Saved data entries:
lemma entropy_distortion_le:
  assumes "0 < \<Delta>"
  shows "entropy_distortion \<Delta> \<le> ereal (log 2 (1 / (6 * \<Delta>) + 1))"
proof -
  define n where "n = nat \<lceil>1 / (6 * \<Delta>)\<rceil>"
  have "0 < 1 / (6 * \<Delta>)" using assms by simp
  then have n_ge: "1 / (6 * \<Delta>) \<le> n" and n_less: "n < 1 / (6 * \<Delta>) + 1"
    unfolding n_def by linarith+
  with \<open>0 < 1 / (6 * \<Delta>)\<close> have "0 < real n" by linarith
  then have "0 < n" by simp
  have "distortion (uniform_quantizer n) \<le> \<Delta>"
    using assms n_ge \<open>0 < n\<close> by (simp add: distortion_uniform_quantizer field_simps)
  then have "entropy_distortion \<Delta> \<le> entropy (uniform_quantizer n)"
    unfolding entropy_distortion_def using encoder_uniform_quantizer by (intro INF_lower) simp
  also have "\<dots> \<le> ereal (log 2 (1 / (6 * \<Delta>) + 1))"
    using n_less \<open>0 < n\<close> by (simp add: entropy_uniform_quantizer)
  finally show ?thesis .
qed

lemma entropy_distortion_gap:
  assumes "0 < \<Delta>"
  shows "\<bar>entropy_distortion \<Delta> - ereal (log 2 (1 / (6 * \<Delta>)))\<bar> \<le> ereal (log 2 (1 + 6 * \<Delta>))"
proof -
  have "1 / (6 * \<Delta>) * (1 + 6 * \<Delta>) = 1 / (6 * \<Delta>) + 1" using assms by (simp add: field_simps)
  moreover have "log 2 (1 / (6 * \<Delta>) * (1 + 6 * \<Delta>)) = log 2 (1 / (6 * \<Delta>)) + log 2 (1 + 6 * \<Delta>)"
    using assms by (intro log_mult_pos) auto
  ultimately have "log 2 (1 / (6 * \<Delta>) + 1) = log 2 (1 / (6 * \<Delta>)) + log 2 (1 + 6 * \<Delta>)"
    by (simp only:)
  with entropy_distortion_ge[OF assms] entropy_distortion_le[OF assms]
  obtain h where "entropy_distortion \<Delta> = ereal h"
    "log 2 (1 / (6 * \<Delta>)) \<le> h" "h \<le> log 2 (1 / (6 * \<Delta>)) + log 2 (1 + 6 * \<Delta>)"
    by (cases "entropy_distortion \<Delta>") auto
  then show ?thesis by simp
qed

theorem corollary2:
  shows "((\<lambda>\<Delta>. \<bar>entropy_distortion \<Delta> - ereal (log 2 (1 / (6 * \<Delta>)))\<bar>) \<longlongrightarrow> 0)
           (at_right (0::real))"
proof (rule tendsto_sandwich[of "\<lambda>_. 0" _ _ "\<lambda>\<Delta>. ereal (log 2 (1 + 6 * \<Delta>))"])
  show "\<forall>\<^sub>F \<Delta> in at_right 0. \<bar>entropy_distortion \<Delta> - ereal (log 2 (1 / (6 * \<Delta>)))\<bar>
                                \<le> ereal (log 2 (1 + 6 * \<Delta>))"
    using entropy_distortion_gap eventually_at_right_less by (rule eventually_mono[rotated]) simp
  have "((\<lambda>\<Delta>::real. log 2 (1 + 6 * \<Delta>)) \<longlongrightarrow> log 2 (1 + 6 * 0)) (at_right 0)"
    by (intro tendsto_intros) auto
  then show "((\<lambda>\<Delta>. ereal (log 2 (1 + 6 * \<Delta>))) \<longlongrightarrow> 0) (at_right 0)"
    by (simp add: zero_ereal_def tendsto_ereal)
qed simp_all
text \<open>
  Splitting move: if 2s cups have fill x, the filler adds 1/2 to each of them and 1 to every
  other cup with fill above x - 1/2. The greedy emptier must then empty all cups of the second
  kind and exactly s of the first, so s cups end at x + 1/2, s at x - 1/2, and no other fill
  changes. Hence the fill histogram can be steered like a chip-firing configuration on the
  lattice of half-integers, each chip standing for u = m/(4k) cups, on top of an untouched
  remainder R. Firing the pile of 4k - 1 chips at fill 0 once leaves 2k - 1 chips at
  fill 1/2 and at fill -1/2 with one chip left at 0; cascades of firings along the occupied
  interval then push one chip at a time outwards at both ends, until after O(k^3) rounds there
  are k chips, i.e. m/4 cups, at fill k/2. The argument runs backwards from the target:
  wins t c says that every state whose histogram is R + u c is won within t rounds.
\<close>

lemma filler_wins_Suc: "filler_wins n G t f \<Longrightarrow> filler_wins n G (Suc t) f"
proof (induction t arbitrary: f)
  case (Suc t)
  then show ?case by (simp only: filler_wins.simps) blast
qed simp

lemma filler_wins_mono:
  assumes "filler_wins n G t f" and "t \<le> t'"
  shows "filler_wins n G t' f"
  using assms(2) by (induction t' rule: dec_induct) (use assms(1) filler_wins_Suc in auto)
...
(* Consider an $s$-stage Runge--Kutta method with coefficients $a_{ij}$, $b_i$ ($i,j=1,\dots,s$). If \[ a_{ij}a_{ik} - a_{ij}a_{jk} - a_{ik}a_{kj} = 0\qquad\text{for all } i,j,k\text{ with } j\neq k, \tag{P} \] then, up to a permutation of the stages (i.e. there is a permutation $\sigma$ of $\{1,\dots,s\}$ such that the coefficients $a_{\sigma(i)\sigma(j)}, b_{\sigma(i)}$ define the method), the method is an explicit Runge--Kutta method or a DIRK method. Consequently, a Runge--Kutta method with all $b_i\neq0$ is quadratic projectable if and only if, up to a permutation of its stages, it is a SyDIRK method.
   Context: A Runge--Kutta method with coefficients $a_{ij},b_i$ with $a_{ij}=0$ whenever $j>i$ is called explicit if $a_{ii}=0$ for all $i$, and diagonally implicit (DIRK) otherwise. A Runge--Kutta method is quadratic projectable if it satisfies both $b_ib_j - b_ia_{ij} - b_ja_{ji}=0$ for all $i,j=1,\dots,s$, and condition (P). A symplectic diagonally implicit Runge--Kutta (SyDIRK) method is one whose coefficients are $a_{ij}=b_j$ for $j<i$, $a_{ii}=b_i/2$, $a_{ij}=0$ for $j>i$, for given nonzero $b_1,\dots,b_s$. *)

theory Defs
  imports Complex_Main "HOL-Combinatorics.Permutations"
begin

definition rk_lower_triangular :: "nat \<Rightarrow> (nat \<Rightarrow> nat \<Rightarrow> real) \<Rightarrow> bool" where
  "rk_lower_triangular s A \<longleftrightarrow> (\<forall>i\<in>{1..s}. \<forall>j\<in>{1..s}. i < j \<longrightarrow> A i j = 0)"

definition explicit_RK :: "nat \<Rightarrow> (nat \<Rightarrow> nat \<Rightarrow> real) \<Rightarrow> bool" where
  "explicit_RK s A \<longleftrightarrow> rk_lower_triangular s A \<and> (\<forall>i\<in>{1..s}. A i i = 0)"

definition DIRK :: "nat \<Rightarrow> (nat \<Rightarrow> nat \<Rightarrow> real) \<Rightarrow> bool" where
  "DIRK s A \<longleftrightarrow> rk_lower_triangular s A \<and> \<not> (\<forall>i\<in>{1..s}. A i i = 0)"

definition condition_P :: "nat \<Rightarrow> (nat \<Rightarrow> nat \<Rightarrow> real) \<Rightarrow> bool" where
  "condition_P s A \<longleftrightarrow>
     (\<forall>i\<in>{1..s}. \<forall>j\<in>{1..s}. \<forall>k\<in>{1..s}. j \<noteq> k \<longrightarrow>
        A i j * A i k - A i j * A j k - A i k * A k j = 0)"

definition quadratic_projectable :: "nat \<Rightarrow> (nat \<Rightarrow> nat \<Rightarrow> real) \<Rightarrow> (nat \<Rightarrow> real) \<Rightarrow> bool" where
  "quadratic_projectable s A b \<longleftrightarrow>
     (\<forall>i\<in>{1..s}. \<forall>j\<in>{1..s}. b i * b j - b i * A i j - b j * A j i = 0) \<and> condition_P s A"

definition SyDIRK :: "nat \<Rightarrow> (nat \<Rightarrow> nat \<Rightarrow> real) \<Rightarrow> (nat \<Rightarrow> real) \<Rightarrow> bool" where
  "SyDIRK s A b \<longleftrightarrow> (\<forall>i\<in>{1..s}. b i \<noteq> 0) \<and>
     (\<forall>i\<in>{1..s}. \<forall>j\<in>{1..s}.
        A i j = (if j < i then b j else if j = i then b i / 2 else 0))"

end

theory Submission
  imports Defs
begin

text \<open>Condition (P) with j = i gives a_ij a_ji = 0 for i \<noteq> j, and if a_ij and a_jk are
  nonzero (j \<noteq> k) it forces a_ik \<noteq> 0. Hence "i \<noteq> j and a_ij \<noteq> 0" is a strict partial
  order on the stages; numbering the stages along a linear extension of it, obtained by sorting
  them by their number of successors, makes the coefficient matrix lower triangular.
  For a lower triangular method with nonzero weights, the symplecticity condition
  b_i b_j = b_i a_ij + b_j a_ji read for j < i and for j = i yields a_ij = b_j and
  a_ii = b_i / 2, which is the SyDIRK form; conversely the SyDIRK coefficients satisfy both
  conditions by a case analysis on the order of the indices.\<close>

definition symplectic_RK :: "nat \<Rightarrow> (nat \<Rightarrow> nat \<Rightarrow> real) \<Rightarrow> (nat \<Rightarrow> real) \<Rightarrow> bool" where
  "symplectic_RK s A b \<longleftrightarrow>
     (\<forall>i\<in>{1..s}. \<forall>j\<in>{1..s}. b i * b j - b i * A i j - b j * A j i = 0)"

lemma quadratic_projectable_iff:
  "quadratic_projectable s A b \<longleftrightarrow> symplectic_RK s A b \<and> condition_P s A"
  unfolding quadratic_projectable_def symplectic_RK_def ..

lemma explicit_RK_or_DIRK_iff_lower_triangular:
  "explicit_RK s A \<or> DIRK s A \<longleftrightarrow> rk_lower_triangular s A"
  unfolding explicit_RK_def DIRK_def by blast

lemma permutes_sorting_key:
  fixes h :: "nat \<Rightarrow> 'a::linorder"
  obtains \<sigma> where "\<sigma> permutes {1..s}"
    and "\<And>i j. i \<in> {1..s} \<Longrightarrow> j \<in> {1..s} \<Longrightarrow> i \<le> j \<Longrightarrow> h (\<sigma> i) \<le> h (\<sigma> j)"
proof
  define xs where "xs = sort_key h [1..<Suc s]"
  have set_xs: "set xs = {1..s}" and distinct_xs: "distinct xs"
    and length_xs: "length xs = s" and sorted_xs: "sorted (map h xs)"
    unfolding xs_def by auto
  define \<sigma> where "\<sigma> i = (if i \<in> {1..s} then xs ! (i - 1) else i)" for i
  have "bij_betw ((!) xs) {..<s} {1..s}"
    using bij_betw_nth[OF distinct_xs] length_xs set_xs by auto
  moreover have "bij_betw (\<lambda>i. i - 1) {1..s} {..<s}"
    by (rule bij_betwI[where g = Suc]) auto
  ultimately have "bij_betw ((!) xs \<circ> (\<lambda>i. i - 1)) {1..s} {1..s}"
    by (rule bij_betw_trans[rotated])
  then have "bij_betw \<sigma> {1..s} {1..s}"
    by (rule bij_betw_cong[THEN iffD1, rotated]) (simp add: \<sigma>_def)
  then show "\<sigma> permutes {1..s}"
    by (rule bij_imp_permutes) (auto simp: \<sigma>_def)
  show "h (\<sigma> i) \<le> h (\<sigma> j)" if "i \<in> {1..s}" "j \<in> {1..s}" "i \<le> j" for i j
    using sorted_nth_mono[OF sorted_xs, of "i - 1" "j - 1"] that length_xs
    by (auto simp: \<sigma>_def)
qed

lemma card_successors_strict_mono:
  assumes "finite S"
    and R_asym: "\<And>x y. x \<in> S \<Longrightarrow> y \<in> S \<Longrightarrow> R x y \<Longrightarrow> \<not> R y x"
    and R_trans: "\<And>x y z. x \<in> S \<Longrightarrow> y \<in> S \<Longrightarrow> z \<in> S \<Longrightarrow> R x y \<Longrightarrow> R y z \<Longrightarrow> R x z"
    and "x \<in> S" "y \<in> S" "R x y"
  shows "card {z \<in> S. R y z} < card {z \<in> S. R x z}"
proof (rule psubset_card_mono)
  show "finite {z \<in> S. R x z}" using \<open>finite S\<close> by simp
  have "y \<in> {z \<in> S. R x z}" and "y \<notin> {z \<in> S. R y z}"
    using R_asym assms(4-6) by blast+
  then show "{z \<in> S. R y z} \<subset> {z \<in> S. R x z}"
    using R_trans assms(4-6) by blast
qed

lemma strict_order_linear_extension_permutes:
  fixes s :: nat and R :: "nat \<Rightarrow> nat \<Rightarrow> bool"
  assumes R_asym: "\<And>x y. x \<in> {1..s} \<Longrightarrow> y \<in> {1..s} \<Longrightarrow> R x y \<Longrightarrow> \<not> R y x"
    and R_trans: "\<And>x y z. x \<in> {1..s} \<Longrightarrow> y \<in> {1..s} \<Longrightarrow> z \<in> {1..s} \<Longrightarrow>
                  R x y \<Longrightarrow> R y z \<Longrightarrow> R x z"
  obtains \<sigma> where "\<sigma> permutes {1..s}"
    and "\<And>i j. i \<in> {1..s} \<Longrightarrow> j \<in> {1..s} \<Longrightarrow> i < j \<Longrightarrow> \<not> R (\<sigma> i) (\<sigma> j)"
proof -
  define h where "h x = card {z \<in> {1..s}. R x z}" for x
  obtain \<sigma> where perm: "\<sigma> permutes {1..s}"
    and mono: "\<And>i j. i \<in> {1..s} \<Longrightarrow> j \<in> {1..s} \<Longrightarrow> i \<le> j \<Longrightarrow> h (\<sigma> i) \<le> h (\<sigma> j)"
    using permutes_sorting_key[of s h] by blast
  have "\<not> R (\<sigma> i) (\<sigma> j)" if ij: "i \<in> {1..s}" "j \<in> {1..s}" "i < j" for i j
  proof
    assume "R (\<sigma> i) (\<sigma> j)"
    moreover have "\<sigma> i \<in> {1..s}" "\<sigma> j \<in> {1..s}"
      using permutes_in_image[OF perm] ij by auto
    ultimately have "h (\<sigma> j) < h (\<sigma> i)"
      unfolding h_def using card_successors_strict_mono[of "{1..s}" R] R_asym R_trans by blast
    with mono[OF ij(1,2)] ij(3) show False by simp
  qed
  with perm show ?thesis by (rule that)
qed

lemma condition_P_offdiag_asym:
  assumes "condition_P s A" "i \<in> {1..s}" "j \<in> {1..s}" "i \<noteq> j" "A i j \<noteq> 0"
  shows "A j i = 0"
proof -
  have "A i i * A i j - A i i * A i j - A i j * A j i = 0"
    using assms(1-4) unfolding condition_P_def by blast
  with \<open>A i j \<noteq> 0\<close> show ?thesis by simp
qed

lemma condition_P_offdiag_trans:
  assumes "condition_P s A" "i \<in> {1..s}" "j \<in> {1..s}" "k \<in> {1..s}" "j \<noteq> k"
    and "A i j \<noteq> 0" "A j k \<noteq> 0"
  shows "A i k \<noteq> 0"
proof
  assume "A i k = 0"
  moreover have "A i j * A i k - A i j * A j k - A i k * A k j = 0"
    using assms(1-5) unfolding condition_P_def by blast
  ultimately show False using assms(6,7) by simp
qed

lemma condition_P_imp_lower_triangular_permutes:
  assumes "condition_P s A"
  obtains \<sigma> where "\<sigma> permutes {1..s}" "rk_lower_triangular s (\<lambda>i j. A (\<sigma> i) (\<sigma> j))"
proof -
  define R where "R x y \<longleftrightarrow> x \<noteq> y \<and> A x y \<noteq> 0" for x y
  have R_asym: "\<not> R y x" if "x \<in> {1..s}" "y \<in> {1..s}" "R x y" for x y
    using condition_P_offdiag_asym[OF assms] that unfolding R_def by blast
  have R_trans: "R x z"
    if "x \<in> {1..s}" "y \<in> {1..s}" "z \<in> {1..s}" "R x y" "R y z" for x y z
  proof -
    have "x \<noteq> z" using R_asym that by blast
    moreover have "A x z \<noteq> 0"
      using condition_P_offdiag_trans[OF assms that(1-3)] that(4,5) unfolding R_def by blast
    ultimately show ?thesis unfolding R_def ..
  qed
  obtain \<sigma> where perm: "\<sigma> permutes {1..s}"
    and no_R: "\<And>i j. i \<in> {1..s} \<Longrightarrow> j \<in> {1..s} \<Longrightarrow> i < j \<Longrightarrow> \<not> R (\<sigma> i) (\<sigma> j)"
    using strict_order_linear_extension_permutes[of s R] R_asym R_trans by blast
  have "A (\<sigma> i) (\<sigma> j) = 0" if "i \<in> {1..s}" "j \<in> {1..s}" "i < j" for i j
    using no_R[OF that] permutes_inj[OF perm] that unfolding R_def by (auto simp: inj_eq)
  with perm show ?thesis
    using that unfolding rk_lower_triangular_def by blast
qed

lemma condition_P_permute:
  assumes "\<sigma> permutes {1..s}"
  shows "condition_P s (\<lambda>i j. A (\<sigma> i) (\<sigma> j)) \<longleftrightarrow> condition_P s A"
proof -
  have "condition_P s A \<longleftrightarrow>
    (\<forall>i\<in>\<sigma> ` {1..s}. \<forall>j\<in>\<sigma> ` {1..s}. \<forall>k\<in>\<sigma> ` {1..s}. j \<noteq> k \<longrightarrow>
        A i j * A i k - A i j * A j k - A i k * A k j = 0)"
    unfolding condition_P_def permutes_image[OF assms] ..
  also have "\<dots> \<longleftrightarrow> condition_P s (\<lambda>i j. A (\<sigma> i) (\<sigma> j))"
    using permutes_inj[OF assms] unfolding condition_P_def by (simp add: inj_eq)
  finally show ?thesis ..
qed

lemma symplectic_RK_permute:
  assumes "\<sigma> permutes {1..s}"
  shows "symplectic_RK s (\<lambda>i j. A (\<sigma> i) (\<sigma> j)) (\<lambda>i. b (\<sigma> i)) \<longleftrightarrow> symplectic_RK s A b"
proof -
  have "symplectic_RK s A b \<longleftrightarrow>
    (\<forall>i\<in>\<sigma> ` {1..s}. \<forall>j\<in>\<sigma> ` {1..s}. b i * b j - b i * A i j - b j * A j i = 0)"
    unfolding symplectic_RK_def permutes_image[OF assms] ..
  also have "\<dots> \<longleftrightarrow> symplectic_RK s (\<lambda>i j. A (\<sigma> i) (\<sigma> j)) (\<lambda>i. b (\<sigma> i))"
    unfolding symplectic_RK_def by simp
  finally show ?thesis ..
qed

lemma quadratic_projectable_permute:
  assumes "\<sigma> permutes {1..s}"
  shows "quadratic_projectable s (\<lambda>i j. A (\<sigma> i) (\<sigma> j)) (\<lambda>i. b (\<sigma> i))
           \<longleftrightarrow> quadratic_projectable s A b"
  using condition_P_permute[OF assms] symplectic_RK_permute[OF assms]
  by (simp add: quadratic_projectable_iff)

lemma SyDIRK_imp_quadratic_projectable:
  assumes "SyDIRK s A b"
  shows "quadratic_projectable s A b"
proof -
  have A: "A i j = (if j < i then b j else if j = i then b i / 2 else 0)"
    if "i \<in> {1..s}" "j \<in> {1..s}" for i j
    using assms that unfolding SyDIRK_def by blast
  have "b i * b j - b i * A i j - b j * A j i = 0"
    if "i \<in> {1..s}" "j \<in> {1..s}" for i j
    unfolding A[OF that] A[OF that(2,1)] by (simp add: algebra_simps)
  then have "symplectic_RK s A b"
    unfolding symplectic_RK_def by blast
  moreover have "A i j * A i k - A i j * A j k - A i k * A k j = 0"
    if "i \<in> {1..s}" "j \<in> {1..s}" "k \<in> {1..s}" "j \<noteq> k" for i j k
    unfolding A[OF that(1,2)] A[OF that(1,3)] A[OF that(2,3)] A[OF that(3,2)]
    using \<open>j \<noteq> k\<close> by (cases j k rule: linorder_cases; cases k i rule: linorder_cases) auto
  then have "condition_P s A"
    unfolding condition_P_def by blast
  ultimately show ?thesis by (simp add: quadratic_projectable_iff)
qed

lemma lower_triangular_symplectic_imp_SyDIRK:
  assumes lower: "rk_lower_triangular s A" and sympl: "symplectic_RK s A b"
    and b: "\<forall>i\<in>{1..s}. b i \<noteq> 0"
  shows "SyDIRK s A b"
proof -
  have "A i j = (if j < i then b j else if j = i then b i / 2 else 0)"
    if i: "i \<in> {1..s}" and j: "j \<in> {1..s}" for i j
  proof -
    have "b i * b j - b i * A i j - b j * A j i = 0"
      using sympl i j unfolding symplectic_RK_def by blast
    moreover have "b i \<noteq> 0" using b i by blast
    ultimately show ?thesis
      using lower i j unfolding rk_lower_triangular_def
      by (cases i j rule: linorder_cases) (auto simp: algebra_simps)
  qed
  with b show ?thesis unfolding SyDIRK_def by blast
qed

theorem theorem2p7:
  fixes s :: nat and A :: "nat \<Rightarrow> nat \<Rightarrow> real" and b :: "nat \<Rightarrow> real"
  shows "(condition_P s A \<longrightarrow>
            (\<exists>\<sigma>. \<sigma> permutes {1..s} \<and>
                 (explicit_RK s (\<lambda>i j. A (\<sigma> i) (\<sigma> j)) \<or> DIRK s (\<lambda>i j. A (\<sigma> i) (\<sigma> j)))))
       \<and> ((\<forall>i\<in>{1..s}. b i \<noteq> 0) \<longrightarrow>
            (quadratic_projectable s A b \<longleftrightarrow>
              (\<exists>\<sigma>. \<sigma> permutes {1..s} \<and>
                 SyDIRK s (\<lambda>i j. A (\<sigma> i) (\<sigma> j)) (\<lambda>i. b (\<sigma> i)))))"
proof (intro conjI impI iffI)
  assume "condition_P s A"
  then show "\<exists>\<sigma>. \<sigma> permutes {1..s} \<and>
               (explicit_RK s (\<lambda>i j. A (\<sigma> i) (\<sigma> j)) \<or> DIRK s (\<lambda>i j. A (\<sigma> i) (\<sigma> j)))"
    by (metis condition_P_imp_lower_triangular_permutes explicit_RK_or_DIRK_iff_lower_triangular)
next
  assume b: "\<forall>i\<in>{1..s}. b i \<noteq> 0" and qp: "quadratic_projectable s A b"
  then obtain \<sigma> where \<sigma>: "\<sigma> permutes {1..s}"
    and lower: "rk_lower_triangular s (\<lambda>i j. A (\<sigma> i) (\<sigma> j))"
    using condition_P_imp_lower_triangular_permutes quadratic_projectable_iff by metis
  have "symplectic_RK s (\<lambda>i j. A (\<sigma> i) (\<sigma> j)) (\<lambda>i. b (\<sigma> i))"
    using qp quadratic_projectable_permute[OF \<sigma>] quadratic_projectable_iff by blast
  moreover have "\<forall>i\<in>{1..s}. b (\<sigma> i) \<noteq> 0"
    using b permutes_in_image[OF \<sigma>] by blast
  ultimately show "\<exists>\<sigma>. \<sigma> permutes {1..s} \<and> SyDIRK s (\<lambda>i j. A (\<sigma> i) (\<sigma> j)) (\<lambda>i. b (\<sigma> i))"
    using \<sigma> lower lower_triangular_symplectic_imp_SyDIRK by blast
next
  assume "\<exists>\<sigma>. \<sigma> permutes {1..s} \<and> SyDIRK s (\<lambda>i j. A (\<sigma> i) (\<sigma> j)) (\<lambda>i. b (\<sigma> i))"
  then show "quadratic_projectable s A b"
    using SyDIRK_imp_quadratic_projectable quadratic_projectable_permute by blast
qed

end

> [REQUIRED WORK] Among the entries above, identify all lines with "finite" and copy them.

> [WRITTEN SOLUTION]
  assumes "finite S"
  show "finite {z \<in> S. R x z}" using \<open>finite S\<close> by simp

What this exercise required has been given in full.